§ **The problem**
Could you show each line of the records that contains the word "blast"?

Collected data
BEGIN

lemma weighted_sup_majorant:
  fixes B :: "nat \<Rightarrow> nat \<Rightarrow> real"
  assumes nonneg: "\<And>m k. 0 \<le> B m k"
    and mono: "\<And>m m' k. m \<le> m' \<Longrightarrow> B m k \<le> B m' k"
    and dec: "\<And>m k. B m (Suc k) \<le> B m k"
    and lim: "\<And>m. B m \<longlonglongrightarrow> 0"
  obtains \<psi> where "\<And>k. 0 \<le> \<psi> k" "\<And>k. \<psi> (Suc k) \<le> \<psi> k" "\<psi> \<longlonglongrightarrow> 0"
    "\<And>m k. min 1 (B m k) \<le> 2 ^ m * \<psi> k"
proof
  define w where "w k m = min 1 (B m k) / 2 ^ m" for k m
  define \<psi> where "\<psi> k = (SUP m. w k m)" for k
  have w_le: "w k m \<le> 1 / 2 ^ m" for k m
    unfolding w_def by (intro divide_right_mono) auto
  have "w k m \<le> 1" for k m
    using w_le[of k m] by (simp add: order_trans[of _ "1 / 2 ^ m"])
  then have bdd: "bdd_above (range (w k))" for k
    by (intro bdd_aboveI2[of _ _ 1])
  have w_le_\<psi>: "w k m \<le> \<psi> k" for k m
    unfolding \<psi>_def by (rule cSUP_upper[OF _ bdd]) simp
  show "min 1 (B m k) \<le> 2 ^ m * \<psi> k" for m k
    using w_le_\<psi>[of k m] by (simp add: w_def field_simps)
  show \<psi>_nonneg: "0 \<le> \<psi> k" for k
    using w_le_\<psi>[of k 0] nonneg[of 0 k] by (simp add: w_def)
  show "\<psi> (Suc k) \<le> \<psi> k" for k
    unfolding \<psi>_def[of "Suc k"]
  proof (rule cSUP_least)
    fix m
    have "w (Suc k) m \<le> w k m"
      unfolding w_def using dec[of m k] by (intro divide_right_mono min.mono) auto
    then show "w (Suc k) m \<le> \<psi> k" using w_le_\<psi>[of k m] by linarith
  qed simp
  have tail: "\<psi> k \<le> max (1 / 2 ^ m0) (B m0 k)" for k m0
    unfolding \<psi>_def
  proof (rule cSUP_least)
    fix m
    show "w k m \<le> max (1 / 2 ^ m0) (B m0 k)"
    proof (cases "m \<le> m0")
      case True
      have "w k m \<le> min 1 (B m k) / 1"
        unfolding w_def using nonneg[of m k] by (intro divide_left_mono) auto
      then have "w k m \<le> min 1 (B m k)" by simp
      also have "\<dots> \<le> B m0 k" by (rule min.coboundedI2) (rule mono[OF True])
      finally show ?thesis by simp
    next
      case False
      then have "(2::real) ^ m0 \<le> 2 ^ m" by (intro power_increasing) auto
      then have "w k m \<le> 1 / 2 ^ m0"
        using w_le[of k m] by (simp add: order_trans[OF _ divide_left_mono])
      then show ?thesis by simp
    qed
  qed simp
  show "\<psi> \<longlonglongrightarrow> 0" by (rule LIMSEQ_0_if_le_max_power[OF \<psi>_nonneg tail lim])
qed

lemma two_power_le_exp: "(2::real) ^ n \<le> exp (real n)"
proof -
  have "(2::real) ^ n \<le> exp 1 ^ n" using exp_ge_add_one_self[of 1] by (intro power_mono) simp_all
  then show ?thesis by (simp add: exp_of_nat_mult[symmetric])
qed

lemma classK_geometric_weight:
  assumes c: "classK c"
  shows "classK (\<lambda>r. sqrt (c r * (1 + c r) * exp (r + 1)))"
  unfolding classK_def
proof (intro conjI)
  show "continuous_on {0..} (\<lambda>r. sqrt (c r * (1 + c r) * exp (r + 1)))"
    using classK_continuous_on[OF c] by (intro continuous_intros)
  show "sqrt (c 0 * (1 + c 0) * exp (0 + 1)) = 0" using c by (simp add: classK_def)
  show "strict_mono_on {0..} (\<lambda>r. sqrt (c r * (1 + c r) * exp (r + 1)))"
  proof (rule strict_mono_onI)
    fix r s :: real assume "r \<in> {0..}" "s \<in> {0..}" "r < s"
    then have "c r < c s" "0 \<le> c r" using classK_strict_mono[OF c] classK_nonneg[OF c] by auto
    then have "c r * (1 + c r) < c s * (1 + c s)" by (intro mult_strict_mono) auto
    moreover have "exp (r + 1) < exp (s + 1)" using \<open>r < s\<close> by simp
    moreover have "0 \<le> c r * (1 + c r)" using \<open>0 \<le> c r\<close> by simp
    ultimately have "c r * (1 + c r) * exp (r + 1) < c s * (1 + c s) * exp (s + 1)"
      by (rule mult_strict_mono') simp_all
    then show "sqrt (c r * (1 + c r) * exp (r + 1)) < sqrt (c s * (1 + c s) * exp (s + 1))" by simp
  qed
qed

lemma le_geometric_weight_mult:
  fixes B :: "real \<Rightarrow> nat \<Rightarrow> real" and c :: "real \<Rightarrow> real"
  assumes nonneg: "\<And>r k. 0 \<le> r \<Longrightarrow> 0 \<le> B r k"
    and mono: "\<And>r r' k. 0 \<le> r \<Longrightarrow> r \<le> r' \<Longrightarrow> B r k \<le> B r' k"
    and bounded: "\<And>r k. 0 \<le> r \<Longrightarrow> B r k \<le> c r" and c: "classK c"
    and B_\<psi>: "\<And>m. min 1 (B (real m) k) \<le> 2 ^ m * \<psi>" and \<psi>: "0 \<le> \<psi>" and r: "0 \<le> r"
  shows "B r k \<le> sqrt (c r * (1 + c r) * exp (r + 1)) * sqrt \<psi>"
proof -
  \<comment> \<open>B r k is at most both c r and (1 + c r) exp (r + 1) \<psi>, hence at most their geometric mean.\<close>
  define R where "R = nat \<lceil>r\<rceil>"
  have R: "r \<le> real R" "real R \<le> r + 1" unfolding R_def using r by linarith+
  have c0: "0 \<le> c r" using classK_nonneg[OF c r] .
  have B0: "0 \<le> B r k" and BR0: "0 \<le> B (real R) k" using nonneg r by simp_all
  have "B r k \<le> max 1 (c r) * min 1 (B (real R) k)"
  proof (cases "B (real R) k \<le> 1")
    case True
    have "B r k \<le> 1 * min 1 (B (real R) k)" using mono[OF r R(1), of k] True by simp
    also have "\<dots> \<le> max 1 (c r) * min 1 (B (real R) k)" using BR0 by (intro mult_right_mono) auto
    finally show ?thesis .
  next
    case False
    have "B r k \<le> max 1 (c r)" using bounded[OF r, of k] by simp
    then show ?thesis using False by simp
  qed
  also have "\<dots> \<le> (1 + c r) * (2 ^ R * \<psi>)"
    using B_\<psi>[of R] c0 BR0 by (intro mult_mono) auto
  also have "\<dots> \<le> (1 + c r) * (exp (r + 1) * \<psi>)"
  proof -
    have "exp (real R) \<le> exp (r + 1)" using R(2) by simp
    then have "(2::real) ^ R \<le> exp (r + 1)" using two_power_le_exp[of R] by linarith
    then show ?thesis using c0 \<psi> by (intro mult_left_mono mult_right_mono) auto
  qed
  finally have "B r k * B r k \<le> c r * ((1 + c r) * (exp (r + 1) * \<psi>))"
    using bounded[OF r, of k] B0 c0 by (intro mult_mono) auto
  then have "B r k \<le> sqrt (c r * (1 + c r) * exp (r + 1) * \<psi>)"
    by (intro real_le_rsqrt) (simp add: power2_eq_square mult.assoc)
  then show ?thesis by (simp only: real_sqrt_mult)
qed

END
BEGIN

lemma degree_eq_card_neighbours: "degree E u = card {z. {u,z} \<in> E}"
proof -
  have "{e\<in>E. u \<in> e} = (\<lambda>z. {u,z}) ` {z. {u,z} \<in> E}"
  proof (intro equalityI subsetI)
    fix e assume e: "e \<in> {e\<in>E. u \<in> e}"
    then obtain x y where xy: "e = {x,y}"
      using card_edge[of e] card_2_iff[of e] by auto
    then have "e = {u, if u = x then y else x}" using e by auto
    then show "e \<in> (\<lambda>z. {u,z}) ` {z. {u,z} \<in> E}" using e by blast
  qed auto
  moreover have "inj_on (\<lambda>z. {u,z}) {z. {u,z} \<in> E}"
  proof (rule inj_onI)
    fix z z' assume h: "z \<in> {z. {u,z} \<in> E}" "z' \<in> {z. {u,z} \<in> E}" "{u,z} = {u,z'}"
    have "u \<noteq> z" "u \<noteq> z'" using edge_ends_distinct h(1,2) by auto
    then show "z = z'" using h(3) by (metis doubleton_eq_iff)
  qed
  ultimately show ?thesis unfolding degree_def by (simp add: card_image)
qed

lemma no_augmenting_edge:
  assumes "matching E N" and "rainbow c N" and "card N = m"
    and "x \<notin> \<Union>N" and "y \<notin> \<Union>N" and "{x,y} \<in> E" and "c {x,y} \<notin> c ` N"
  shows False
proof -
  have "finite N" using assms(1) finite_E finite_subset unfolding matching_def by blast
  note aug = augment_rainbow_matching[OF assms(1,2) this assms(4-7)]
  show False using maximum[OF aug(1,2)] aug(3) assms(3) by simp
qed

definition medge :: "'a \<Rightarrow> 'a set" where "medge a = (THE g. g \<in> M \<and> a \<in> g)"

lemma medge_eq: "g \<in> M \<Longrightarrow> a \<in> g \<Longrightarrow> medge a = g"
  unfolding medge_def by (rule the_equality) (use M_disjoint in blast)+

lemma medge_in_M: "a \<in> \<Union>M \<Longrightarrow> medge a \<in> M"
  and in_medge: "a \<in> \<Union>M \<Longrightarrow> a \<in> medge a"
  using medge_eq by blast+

END
BEGIN

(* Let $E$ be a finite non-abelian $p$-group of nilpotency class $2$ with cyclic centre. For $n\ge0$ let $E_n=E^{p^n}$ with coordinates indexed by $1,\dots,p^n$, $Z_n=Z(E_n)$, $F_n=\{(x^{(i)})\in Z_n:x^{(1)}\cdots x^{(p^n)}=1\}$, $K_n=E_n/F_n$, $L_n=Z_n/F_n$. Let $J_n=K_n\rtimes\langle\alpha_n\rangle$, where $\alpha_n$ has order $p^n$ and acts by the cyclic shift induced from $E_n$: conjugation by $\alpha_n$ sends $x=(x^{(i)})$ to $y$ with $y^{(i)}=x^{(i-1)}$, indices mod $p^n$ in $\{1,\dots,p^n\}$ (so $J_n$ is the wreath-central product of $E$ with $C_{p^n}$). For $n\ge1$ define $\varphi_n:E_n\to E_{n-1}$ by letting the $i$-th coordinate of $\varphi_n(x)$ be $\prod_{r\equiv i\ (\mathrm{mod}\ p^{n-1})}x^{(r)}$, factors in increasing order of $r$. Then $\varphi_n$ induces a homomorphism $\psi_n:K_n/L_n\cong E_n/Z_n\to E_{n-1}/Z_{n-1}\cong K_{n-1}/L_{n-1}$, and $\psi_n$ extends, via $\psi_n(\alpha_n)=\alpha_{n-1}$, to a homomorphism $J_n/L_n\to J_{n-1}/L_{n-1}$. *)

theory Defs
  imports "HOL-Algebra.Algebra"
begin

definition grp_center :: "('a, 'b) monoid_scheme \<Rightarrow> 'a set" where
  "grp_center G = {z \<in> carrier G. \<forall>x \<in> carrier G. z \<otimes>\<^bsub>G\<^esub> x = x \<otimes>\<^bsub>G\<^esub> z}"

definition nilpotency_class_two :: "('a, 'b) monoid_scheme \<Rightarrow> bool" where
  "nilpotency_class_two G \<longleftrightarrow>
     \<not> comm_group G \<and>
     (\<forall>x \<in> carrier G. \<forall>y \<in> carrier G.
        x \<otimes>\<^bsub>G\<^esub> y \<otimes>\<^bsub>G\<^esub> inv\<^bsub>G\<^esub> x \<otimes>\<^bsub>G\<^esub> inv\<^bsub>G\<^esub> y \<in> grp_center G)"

END

§ **Final answer**
    then show "e \<in> (\<lambda>z. {u,z}) ` {z. {u,z} \<in> E}" using e by blast
  have "finite N" using assms(1) finite_E finite_subset unfolding matching_def by blast
  unfolding medge_def by (rule the_equality) (use M_disjoint in blast)+
  using medge_eq by blast+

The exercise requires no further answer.